What to work on> Read through the listing below and return only the lines containing "longlongrightarrow".

Extracted information>
(* Let $g:[a,b]\to\mathbb R$ be left-continuous and increasing, and let $f:[a,b]\to\mathbb R$ be $g$-Lipschitz continuous with Lipschitz constant $H$. Assume moreover that $f^C$ and $g^C$ are Lipschitz continuous with Lipschitz constant $H$. Let $\{d_k\}_{k\in\Lambda}$ be the set of discontinuity points of $g$ in $(a,b)$. Then $$\Big| f^C(a)(g^C(b)-g^C(a))+f(a)\Delta^+g(a)+\Delta^+f(a)(g^C(b)-g^C(a))+\sum_{k\in\Lambda}\big[f(d_k)\Delta^+g(d_k)+\Delta^+f(d_k)(g^C(b)-g^C(d_k))\big]-\int_{[a,b)} f\,\mathrm d\mu_g\Big|\le H^2(b-a)^2,$$ and $$\Big| \tfrac{f^C(a)+f^C(b)}{2}(g^C(b)-g^C(a))+f(a)\Delta^+g(a)+\Delta^+f(a)(g^C(b)-g^C(a))+\sum_{k\in\Lambda}\big[f(d_k)\Delta^+g(d_k)+\Delta^+f(d_k)(g^C(b)-g^C(d_k))\big]-\int_{[a,b)} f\,\mathrm d\mu_g\Big|\le \tfrac{H^2}{2}(b-a)^2.$$ (Equivalently, the sums over $\{a\}\cup\{d_k\}$ may be written as $\sum_{s\in[a,b)}[f(s)\Delta^+g(s)+\Delta^+f(s)(g^C(b)-g^C(s))]$.)
   Context: $\mu_g$ is the Lebesgue–Stieltjes measure on $[a,b)$ with $\mu_g([c,d))=g(d)-g(c)$. For a function $\varphi:[a,b]\to\mathbb R$ having right limits, $\Delta^+\varphi(t)=\varphi(t^+)-\varphi(t)$, its jump part is $\varphi^B(t)=\sum_{s\in[a,t)}\Delta^+\varphi(s)$ and its continuous part is $\varphi^C=\varphi-\varphi^B$ (applied to both $f$ and $g$). $f$ is $g$-Lipschitz continuous with constant $H$ if $|f(t)-f(s)|\le H|g(t)-g(s)|$ for all $t,s\in[a,b]$. *)

theory Defs
  imports "HOL-Analysis.Analysis"
begin

definition rlim :: "(real \<Rightarrow> real) \<Rightarrow> real \<Rightarrow> real" where
  "rlim \<phi> t = Lim (at_right t) \<phi>"

definition jump_plus :: "(real \<Rightarrow> real) \<Rightarrow> real \<Rightarrow> real" where
  "jump_plus \<phi> t = rlim \<phi> t - \<phi> t"

(* jump part phi^B(t) = sum_{s in [a,t)} Delta^+ phi(s) (a countable, absolutely summable sum) *)
definition jump_part :: "real \<Rightarrow> (real \<Rightarrow> real) \<Rightarrow> real \<Rightarrow> real" where
  "jump_part a \<phi> t = (\<Sum>\<^sub>\<infinity>s\<in>{a..<t}. jump_plus \<phi> s)"

definition cont_part :: "real \<Rightarrow> (real \<Rightarrow> real) \<Rightarrow> real \<Rightarrow> real" where
  "cont_part a \<phi> t = \<phi> t - jump_part a \<phi> t"

(* extension of g from [a,b] to R by constants; left-continuous if g is *)
definition ext_ab :: "real \<Rightarrow> real \<Rightarrow> (real \<Rightarrow> real) \<Rightarrow> real \<Rightarrow> real" where
  "ext_ab a b g t = g (max a (min b t))"

(* Lebesgue-Stieltjes measure mu_g with mu_g([c,d)) = g(d) - g(c) for a left-continuous
   nondecreasing g: obtained by reflecting the library's interval_measure (built on (c,d]
   for right-continuous functions) through x |-> -x. *)
definition LS_measure :: "real \<Rightarrow> real \<Rightarrow> (real \<Rightarrow> real) \<Rightarrow> real measure" where
  "LS_measure a b g = distr (interval_measure (\<lambda>x. - ext_ab a b g (- x))) borel uminus"

definition g_lipschitz_on :: "real set \<Rightarrow> real \<Rightarrow> (real \<Rightarrow> real) \<Rightarrow> (real \<Rightarrow> real) \<Rightarrow> bool" where
  "g_lipschitz_on S H g f \<longleftrightarrow> (\<forall>s\<in>S. \<forall>t\<in>S. \<bar>f t - f s\<bar> \<le> H * \<bar>g t - g s\<bar>)"

definition lipschitz_const_on :: "real set \<Rightarrow> real \<Rightarrow> (real \<Rightarrow> real) \<Rightarrow> bool" where
  "lipschitz_const_on S H f \<longleftrightarrow> (\<forall>s\<in>S. \<forall>t\<in>S. \<bar>f t - f s\<bar> \<le> H * \<bar>t - s\<bar>)"

end

theory Submission
  imports Defs
begin

text \<open>
  Remove a finite set \<open>F\<close> of jump points of \<open>g\<close>. The atoms of \<open>\<mu>\<^sub>g\<close> at \<open>F\<close> contribute
  \<open>\<Sum>s\<in>F. f s * \<Delta>\<^sup>+g s\<close> to the integral. On \<open>R = [a,b) - F\<close> write \<open>f\<close> as \<open>f\<^sup>C\<close> plus the step
  functions carrying the jumps of \<open>f\<close> at \<open>F\<close> plus a remainder bounded by \<open>H\<close> times the jump mass
  of \<open>g\<close> outside \<open>F\<close> (as \<open>|\<Delta>\<^sup>+f| \<le> H \<Delta>\<^sup>+g\<close>); the step at \<open>s\<close> integrates to
  \<open>\<Delta>\<^sup>+f s * (g\<^sup>C b - g\<^sup>C s)\<close> up to that mass, and \<open>\<mu>\<^sub>g R = g\<^sup>C b - g\<^sup>C a\<close> up to that mass.
  Hence, if \<open>|f\<^sup>C - c| \<le> M\<close>, the quadrature error with \<open>c * (g\<^sup>C b - g\<^sup>C a)\<close> in place of the
  continuous part is at most \<open>M * (g\<^sup>C b - g\<^sup>C a)\<close> plus a constant times the jump mass outside \<open>F\<close>,
  which can be made arbitrarily small. The choices \<open>c = f\<^sup>C a\<close> and \<open>c = (f\<^sup>C a + f\<^sup>C b) / 2\<close>
  and the Lipschitz bounds on \<open>f\<^sup>C\<close> and \<open>g\<^sup>C\<close> give the two estimates.
\<close>
lemma mono_on_tendsto_rlim:
  fixes \<phi> :: "real \<Rightarrow> real"
  assumes "mono_on {a..b} \<phi>" "a \<le> s" "s < b"
  shows "(\<phi> \<longlongrightarrow> rlim \<phi> s) (at_right s)"
proof -
  have "(\<phi> \<longlongrightarrow> Inf (\<phi> ` ({s<..} \<inter> {..b}))) (at s within ({s<..} \<inter> {..b}))"
    by (rule Lim_right_bound[where K="\<phi> s"]) (use assms in \<open>auto intro: mono_onD\<close>)
  moreover have "at s within ({s<..} \<inter> {..b}) = at_right s"
    by (rule at_within_nhd[of _ "{..<b}"]) (use assms in auto)
  ultimately have lim: "(\<phi> \<longlongrightarrow> Inf (\<phi> ` ({s<..} \<inter> {..b}))) (at_right s)" by simp
  then have "rlim \<phi> s = Inf (\<phi> ` ({s<..} \<inter> {..b}))"
    unfolding rlim_def by (intro tendsto_Lim) simp_all
  with lim show ?thesis by simp
qed

lemma mono_on_jump_plus_nonneg:
  fixes \<phi> :: "real \<Rightarrow> real"
  assumes mono: "mono_on {a..b} \<phi>" and s: "a \<le> s" "s < b"
  shows "0 \<le> jump_plus \<phi> s"
proof -
  have "eventually (\<lambda>x. x \<in> {s<..<b}) (at_right s)"
    unfolding eventually_at_right_field using s by auto
  then have "\<phi> s \<le> rlim \<phi> s"
    by (intro tendsto_lowerbound[OF mono_on_tendsto_rlim[OF mono s]])
       (use s in \<open>auto elim!: eventually_mono intro: mono_onD[OF mono]\<close>)
  then show ?thesis unfolding jump_plus_def by simp
qed

lemma jump_plus_eq_0_if_isCont:
  fixes \<phi> :: "real \<Rightarrow> real"
  assumes "isCont \<phi> t"
  shows "jump_plus \<phi> t = 0"
proof -
  have "(\<phi> \<longlongrightarrow> \<phi> t) (at_right t)"
    using assms unfolding isCont_def by (rule tendsto_within_subset) simp
  then have "rlim \<phi> t = \<phi> t" unfolding rlim_def by (rule tendsto_Lim[rotated]) simp
  then show ?thesis unfolding jump_plus_def by simp
qed

lemma g_lipschitz_on_mono_on_add:
  fixes f g :: "real \<Rightarrow> real"
  assumes gm: "mono_on {a..b} g" and fl: "g_lipschitz_on {a..b} H g f"
  shows "mono_on {a..b} (\<lambda>x. f x + H * g x)"
proof (rule mono_onI)
  fix x y assume xy: "x \<in> {a..b}" "y \<in> {a..b}" "x \<le> y"
  have "g x \<le> g y" using gm xy by (auto intro: mono_onD)
  moreover have "\<bar>f y - f x\<bar> \<le> H * \<bar>g y - g x\<bar>" using fl xy unfolding g_lipschitz_on_def by blast
  ultimately show "f x + H * g x \<le> f y + H * g y" by (auto simp: abs_le_iff right_diff_distrib)
qed

lemma g_lipschitz_on_abs_jump_plus_le:
  fixes f g :: "real \<Rightarrow> real"
  assumes gm: "mono_on {a..b} g" and fl: "g_lipschitz_on {a..b} H g f" and H: "0 \<le> H"
    and s: "a \<le> s" "s < b"
  shows "\<bar>jump_plus f s\<bar> \<le> H * jump_plus g s"
proof -
  define \<phi> where "\<phi> x = f x + H * g x" for x
  have lim_g: "(g \<longlongrightarrow> rlim g s) (at_right s)" using mono_on_tendsto_rlim[OF gm s] .
  have "(\<phi> \<longlongrightarrow> rlim \<phi> s) (at_right s)"
    using mono_on_tendsto_rlim[OF g_lipschitz_on_mono_on_add[OF gm fl] s] unfolding \<phi>_def .
  from tendsto_diff[OF this tendsto_mult_left[OF lim_g, of H]]
  have lim: "(f \<longlongrightarrow> rlim \<phi> s - H * rlim g s) (at_right s)"
    by (simp add: \<phi>_def)
  then have "rlim f s = rlim \<phi> s - H * rlim g s"
    unfolding rlim_def by (intro tendsto_Lim) simp_all
  with lim have lim_f: "(f \<longlongrightarrow> rlim f s) (at_right s)" by simp
  have "eventually (\<lambda>x. x \<in> {s<..<b}) (at_right s)"
    unfolding eventually_at_right_field using s by auto
  then have ev: "eventually (\<lambda>x. \<bar>f x - f s\<bar> \<le> H * (g x - g s)) (at_right s)"
  proof (rule eventually_mono)
    fix x assume x: "x \<in> {s<..<b}"
    have "g s \<le> g x" using gm x s by (auto intro: mono_onD)
    moreover have "\<bar>f x - f s\<bar> \<le> H * \<bar>g x - g s\<bar>"
      using fl x s unfolding g_lipschitz_on_def by auto
    ultimately show "\<bar>f x - f s\<bar> \<le> H * (g x - g s)" by simp
  qed
  have "\<bar>rlim f s - f s\<bar> \<le> H * (rlim g s - g s)"
    by (rule tendsto_le[of "at_right s", OF _ _ _ ev]) (auto intro!: tendsto_intros lim_f lim_g)
  then show ?thesis unfolding jump_plus_def .
qed

lemma ext_ab_mono:
  fixes g :: "real \<Rightarrow> real"
  assumes "a \<le> b" "mono_on {a..b} g" "x \<le> y"
  shows "ext_ab a b g x \<le> ext_ab a b g y"
  unfolding ext_ab_def using assms by (intro mono_onD[OF assms(2)]) auto

lemma ext_ab_tendsto_at_left:
  fixes g :: "real \<Rightarrow> real"
  assumes ab: "a < b" and glc: "\<And>t. t \<in> {a<..b} \<Longrightarrow> continuous (at_left t) g"
  shows "(ext_ab a b g \<longlongrightarrow> ext_ab a b g u) (at_left u)"
proof -
  consider "u \<le> a" | "b < u" | "u \<in> {a<..b}" by force
  then show ?thesis
  proof cases
    case 1
    have "eventually (\<lambda>y. ext_ab a b g y = ext_ab a b g u) (at_left u)"
      unfolding eventually_at_left_field using 1 ab
      by (intro exI[of _ "u - 1"]) (auto simp: ext_ab_def max_def min_def)
    then show ?thesis by (rule tendsto_eventually)
  next
    case 2
    have "eventually (\<lambda>y. ext_ab a b g y = ext_ab a b g u) (at_left u)"
      unfolding eventually_at_left_field using 2 ab
      by (intro exI[of _ b]) (auto simp: ext_ab_def max_def min_def)
    then show ?thesis by (rule tendsto_eventually)
  next
    case 3
    have "(g \<longlongrightarrow> g u) (at_left u)" using glc[OF 3] by (simp add: continuous_within)
    moreover have "eventually (\<lambda>y. ext_ab a b g y = g y) (at_left u)"
      unfolding eventually_at_left_field using 3 ab
      by (intro exI[of _ a]) (auto simp: ext_ab_def max_def min_def)
    moreover have "ext_ab a b g u = g u"
      using 3 by (auto simp: ext_ab_def max_def min_def)
    ultimately show ?thesis using tendsto_cong by metis
  qed
qed

lemma Diff_finite_in_sets_borel:
  fixes F :: "'a::t1_space set"
  shows "A \<in> sets borel \<Longrightarrow> finite F \<Longrightarrow> A - F \<in> sets borel"
  by (simp add: borel_closed finite_imp_closed sets.Diff)

lemma finite_in_sets:
  assumes "finite F" "\<And>x. x \<in> F \<Longrightarrow> {x} \<in> sets M"
  shows "F \<in> sets M"
proof -
  have "F = (\<Union>s\<in>F. {s})" by auto
  also have "\<dots> \<in> sets M" using assms by (intro sets.finite_UN) auto
  finally show ?thesis .
qed

lemma measure_Diff_finite:
  assumes A: "A \<in> sets M" "emeasure M A < \<infinity>" and F: "finite F" "F \<subseteq> A"
    and sing: "\<And>x. x \<in> F \<Longrightarrow> {x} \<in> sets M"
  shows "measure M (A - F) = measure M A - (\<Sum>s\<in>F. measure M {s})"
proof -
  have "measure M (A - F) = measure M A - measure M F"
    using A F finite_in_sets[OF F(1) sing] by (intro measure_Diff) auto
  moreover have "measure M F = (\<Sum>s\<in>F. measure M {s})"
  proof (rule measure_eq_sum_singleton)
    fix s assume "s \<in> F"
    then have "emeasure M {s} \<le> emeasure M A" using F A sing by (intro emeasure_mono) auto
    then show "emeasure M {s} \<noteq> \<infinity>" using A by (auto simp: top_unique)
  qed (use F sing in auto)
  ultimately show ?thesis by simp
qed

lemma set_integral_Diff_finite:
  fixes h :: "'a \<Rightarrow> real"
  assumes h: "set_integrable M A h" and A: "A \<in> sets M" "emeasure M A < \<infinity>"
    and F: "finite F" "F \<subseteq> A" and sing: "\<And>x. x \<in> F \<Longrightarrow> {x} \<in> sets M"
  shows "(LINT x:A|M. h x) = (LINT x:(A - F)|M. h x) + (\<Sum>s\<in>F. h s * measure M {s})"
proof -
  have Fs: "F \<in> sets M" using finite_in_sets[OF F(1) sing] .
  have "(LINT x:A|M. h x) = (LINT x:((A - F) \<union> F)|M. h x)"
    using F by (simp add: Un_absorb2)
  also have "\<dots> = (LINT x:(A - F)|M. h x) + (LINT x:F|M. h x)"
    by (rule set_integral_Un) (use h A Fs F in \<open>auto intro: set_integrable_subset\<close>)
  also have "(LINT x:F|M. h x) = (\<integral>x. h x * indicator F x \<partial>M)"
    unfolding set_lebesgue_integral_def by (simp add: mult.commute)
  also have "\<dots> = (\<Sum>s\<in>F. h s * measure M {s})"
  proof (rule integral_indicator_finite_real)
    fix s assume s: "s \<in> F"
    then have "emeasure M {s} \<le> emeasure M A" using F A sing by (intro emeasure_mono) auto
    then show "emeasure M {s} < \<infinity>" using A by order
  qed (use F sing in auto)
  finally show ?thesis .
qed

Expected answer>
  shows "(\<phi> \<longlongrightarrow> rlim \<phi> s) (at_right s)"
  have "(\<phi> \<longlongrightarrow> Inf (\<phi> ` ({s<..} \<inter> {..b}))) (at s within ({s<..} \<inter> {..b}))"
  ultimately have lim: "(\<phi> \<longlongrightarrow> Inf (\<phi> ` ({s<..} \<inter> {..b}))) (at_right s)" by simp
  have "(\<phi> \<longlongrightarrow> \<phi> t) (at_right t)"
  have lim_g: "(g \<longlongrightarrow> rlim g s) (at_right s)" using mono_on_tendsto_rlim[OF gm s] .
  have "(\<phi> \<longlongrightarrow> rlim \<phi> s) (at_right s)"
  have lim: "(f \<longlongrightarrow> rlim \<phi> s - H * rlim g s) (at_right s)"
  with lim have lim_f: "(f \<longlongrightarrow> rlim f s) (at_right s)" by simp
  shows "(ext_ab a b g \<longlongrightarrow> ext_ab a b g u) (at_left u)"
    have "(g \<longlongrightarrow> g u) (at_left u)" using glc[OF 3] by (simp add: continuous_within)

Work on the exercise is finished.